● WHAT IS EXPECTED:
Your answer should be an exact copy of the lines from the start of the entries to the line containing "fix c assume", both included.

● RECORDS SUPPLIED:
lemma theta'_eq_Suc_max_edge_cycles:
  assumes "simple_graph K" "1 \<le> M"
    and "\<And>f. f \<in> auts K \<Longrightarrow> f \<noteq> id \<Longrightarrow> edge_cycles K f \<le> M"
    and "\<exists>f\<in>auts K. f \<noteq> id \<and> M \<le> edge_cycles K f"
  shows "theta' K = M + 1"
  unfolding theta'_def
proof (rule Least_equality)
  show "1 \<le> M + 1 \<and> (\<forall>c. c ` edges K = {1..M + 1} \<longrightarrow> distinguishing K c)"
  proof (intro conjI allI impI)
    fix c assume c: "c ` edges K = {1..M + 1}"
    show "distinguishing K c" unfolding distinguishing_def
    proof (intro ballI impI)
      fix f assume f: "f \<in> auts K" and pres: "\<forall>e\<in>edges K. c (f ` e) = c e"
      have "card (c ` edges K) \<le> edge_cycles K f" by (rule card_colours_le_edge_cycles[OF assms(1) f pres])
      then have "M + 1 \<le> edge_cycles K f" using c by simp
      then show "f = id" using assms(3)[OF f] by (meson add_le_same_cancel1 le_trans not_one_le_zero)
    qed
  qed simp
next
  fix k assume k: "1 \<le> k \<and> (\<forall>c. c ` edges K = {1..k} \<longrightarrow> distinguishing K c)"
  show "M + 1 \<le> k"
  proof (rule ccontr)
    assume "\<not> M + 1 \<le> k"
    then obtain f where f: "f \<in> auts K" "f \<noteq> id" "k \<le> edge_cycles K f" using assms(4) by auto
    obtain c where c: "c ` edges K = {1..k}" "\<forall>e\<in>edges K. c (f ` e) = c e"
      using exists_colouring_preserved[OF assms(1) f(1) conjunct1[OF k] f(3)] by blast
    then have "distinguishing K c" using conjunct2[OF k] by simp
    then show False using f(1,2) c(2) unfolding distinguishing_def by simp
  qed
qed

definition image_subgraph :: "('b \<Rightarrow> 'c) \<Rightarrow> 'b graph \<Rightarrow> 'b set \<Rightarrow> 'c graph" where
  "image_subgraph f K X = (f ` X, image f ` {e \<in> edges K. e \<subseteq> X})"

lemma verts_image_subgraph [simp]: "verts (image_subgraph f K X) = f ` X"
  unfolding image_subgraph_def verts_def by simp

lemma edges_image_subgraph: "edges (image_subgraph f K X) = image f ` {e \<in> edges K. e \<subseteq> X}"
  unfolding image_subgraph_def edges_def by simp

lemma simple_graph_image_subgraph:
  assumes K: "simple_graph K" and X: "X \<subseteq> verts K" and inj: "inj_on f X"
  shows "simple_graph (image_subgraph f K X)"
  unfolding simple_graph_def
proof (intro conjI ballI)
  show "finite (verts (image_subgraph f K X))"
    using simple_graph_finite_verts[OF K] X finite_subset by auto
  fix e assume "e \<in> edges (image_subgraph f K X)"
  then obtain e' where e': "e' \<in> edges K" "e' \<subseteq> X" "e = f ` e'" by (auto simp: edges_image_subgraph)
  then obtain u v where uv: "e' = {u, v}" "u \<noteq> v" using simple_graph_edge[OF K] by blast
  then have "f u \<noteq> f v" "e = {f u, f v}" "f u \<in> f ` X" "f v \<in> f ` X"
    using e' inj by (auto simp: inj_on_def)
  then show "\<exists>u v. e = {u, v} \<and> u \<noteq> v \<and> u \<in> verts (image_subgraph f K X) \<and> v \<in> verts (image_subgraph f K X)"
    by auto
qed

lemma image_subgraph_edge_iff:
  assumes "inj_on f X" "u \<in> X" "v \<in> X"
  shows "{f u, f v} \<in> edges (image_subgraph f K X) \<longleftrightarrow> {u, v} \<in> edges K"
proof
  assume "{f u, f v} \<in> edges (image_subgraph f K X)"
  then obtain e where e: "e \<in> edges K" "e \<subseteq> X" "f ` {u, v} = f ` e" by (auto simp: edges_image_subgraph)
  then have "e = {u, v}" using inj_on_image_eq_iff[OF assms(1)] assms(2,3) by (metis empty_subsetI insert_subset)
  then show "{u, v} \<in> edges K" using e(1) by simp
qed (use assms in \<open>auto simp: edges_image_subgraph intro!: image_eqI[of _ _ "{u, v}"]\<close>)

locale nontrivial_connected_graph =
  fixes G :: "'a graph"
  assumes simple: "simple_graph G" and connected: "connected_graph G" and two_verts: "2 \<le> card (verts G)"
begin

abbreviation "V \<equiv> verts G"
abbreviation "E \<equiv> edges G"
abbreviation "H \<equiv> cart_prod G G"

lemma finite_V: "finite V" using simple_graph_finite_verts[OF simple] .
lemma finite_E: "finite E" using simple_graph_finite_edges[OF simple] .
lemma simple_H: "simple_graph H" using simple_graph_cart_prod[OF simple simple] .
lemma finite_edges_H: "finite (edges H)" using simple_graph_finite_edges[OF simple_H] .

lemma two_distinct_verts:
  obtains b1 b2 where "b1 \<in> V" "b2 \<in> V" "b1 \<noteq> b2"
proof -
  have "\<not> card V \<le> Suc 0" using two_verts by simp
  then show ?thesis using that card_le_Suc0_iff_eq[OF finite_V] by blast
qed

lemma exists_walk: "u \<in> V \<Longrightarrow> v \<in> V \<Longrightarrow> \<exists>k. (adj G ^^ k) u v"
  using connected unfolding connected_graph_def by (simp add: rtranclp_power)

lemma adj_square_iff:
  "adj H (a, b) (c, d) \<longleftrightarrow> (a = c \<and> a \<in> V \<and> adj G b d) \<or> (b = d \<and> b \<in> V \<and> adj G a c)"
  unfolding adj_def by (rule cart_prod_edge_iff)

lemma square_edge_layer1_iff: "b \<in> V \<Longrightarrow> {(u, b), (v, b)} \<in> edges H \<longleftrightarrow> {u, v} \<in> E"
  using cart_prod_edge_iff[of u b v b G G] simple_graph_edge_verts[OF simple, of b b] by auto

lemma square_edge_layer2_iff: "a \<in> V \<Longrightarrow> {(a, x), (a, y)} \<in> edges H \<longleftrightarrow> {x, y} \<in> E"
  using cart_prod_edge_iff[of a x a y G G] simple_graph_edge_verts[OF simple, of a a] by auto

lemma square_walk_split:
  "(adj H ^^ n) (a, b) (c, d) \<Longrightarrow> \<exists>i j. i + j = n \<and> (adj G ^^ i) a c \<and> (adj G ^^ j) b d"
proof (induction n arbitrary: c d)
  case (Suc n)
  from Suc.prems obtain p where p: "(adj H ^^ n) (a, b) p" "adj H p (c, d)" by (rule relpowp_Suc_E)
  obtain c' d' where [simp]: "p = (c', d')" by fastforce
  obtain i j where ij: "i + j = n" "(adj G ^^ i) a c'" "(adj G ^^ j) b d'" using Suc.IH[of c' d'] p(1) by auto
  from p(2) consider "c' = c" "adj G d' d" | "d' = d" "adj G c' c" by (auto simp: adj_square_iff)
  then show ?case
  proof cases
    case 1
    then show ?thesis using ij relpowp_Suc_I[OF ij(3)] by (intro exI[of _ i] exI[of _ "Suc j"]) auto
  next
    case 2
    then show ?thesis using ij relpowp_Suc_I[OF ij(2)] by (intro exI[of _ "Suc i"] exI[of _ j]) auto
  qed
qed simp

lemma square_walk_layer1: "b \<in> V \<Longrightarrow> (adj G ^^ i) a c \<Longrightarrow> (adj H ^^ i) (a, b) (c, b)"
proof (induction i arbitrary: c)
  case (Suc i)
  from Suc.prems(2) obtain y where y: "(adj G ^^ i) a y" "adj G y c" by (rule relpowp_Suc_E)
  then have "adj H (y, b) (c, b)" using Suc.prems(1) by (simp add: adj_square_iff)
  with Suc.IH[OF Suc.prems(1) y(1)] show ?case by (rule relpowp_Suc_I)
qed simp

lemma square_walk_layer2: "a \<in> V \<Longrightarrow> (adj G ^^ j) b d \<Longrightarrow> (adj H ^^ j) (a, b) (a, d)"
proof (induction j arbitrary: d)
  case (Suc j)
  from Suc.prems(2) obtain y where y: "(adj G ^^ j) b y" "adj G y d" by (rule relpowp_Suc_E)
  then have "adj H (a, y) (a, d)" using Suc.prems(1) by (simp add: adj_square_iff)
  with Suc.IH[OF Suc.prems(1) y(1)] show ?case by (rule relpowp_Suc_I)
qed simp

lemma walk_dist_square:
  assumes "a \<in> V" "b \<in> V" "c \<in> V" "d \<in> V"
  shows "walk_dist H (a, b) (c, d) = walk_dist G a c + walk_dist G b d"
proof (rule antisym)
  obtain i j where "(adj G ^^ i) a c" "(adj G ^^ j) b d" using exists_walk assms by metis
  then have "(adj H ^^ walk_dist G a c) (a, b) (c, b)" "(adj H ^^ walk_dist G b d) (c, b) (c, d)"
    using square_walk_layer1[OF assms(2) walk_dist_walk] square_walk_layer2[OF assms(3) walk_dist_walk]
    by simp_all
  then have walk: "(adj H ^^ (walk_dist G a c + walk_dist G b d)) (a, b) (c, d)"
    by (auto simp: relpowp_add)
  then show "walk_dist H (a, b) (c, d) \<le> walk_dist G a c + walk_dist G b d"
    by (rule walk_dist_le)
  obtain i' j' where "i' + j' = walk_dist H (a, b) (c, d)" "(adj G ^^ i') a c" "(adj G ^^ j') b d"
    using square_walk_split[OF walk_dist_walk[OF walk]] by blast
  then show "walk_dist G a c + walk_dist G b d \<le> walk_dist H (a, b) (c, d)"
    using walk_dist_le[of i' G a c] walk_dist_le[of j' G b d] by linarith
qed

text \<open>layer1 b and layer2 a are the G-layers G^b and ^aG of the paper.\<close>
definition layer1 :: "'a \<Rightarrow> ('a \<times> 'a) set" where "layer1 b = V \<times> {b}"
definition layer2 :: "'a \<Rightarrow> ('a \<times> 'a) set" where "layer2 a = {a} \<times> V"

lemma layer1_subset: "b \<in> V \<Longrightarrow> layer1 b \<subseteq> V \<times> V"
  unfolding layer1_def by auto

lemma auts_square_inj_on: "\<psi> \<in> auts H \<Longrightarrow> inj_on \<psi> (V \<times> V)"
  using auts_inj_on[of \<psi> H] by simp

● WRITTEN SOLUTION:
lemma theta'_eq_Suc_max_edge_cycles:
  assumes "simple_graph K" "1 \<le> M"
    and "\<And>f. f \<in> auts K \<Longrightarrow> f \<noteq> id \<Longrightarrow> edge_cycles K f \<le> M"
    and "\<exists>f\<in>auts K. f \<noteq> id \<and> M \<le> edge_cycles K f"
  shows "theta' K = M + 1"
  unfolding theta'_def
proof (rule Least_equality)
  show "1 \<le> M + 1 \<and> (\<forall>c. c ` edges K = {1..M + 1} \<longrightarrow> distinguishing K c)"
  proof (intro conjI allI impI)
    fix c assume c: "c ` edges K = {1..M + 1}"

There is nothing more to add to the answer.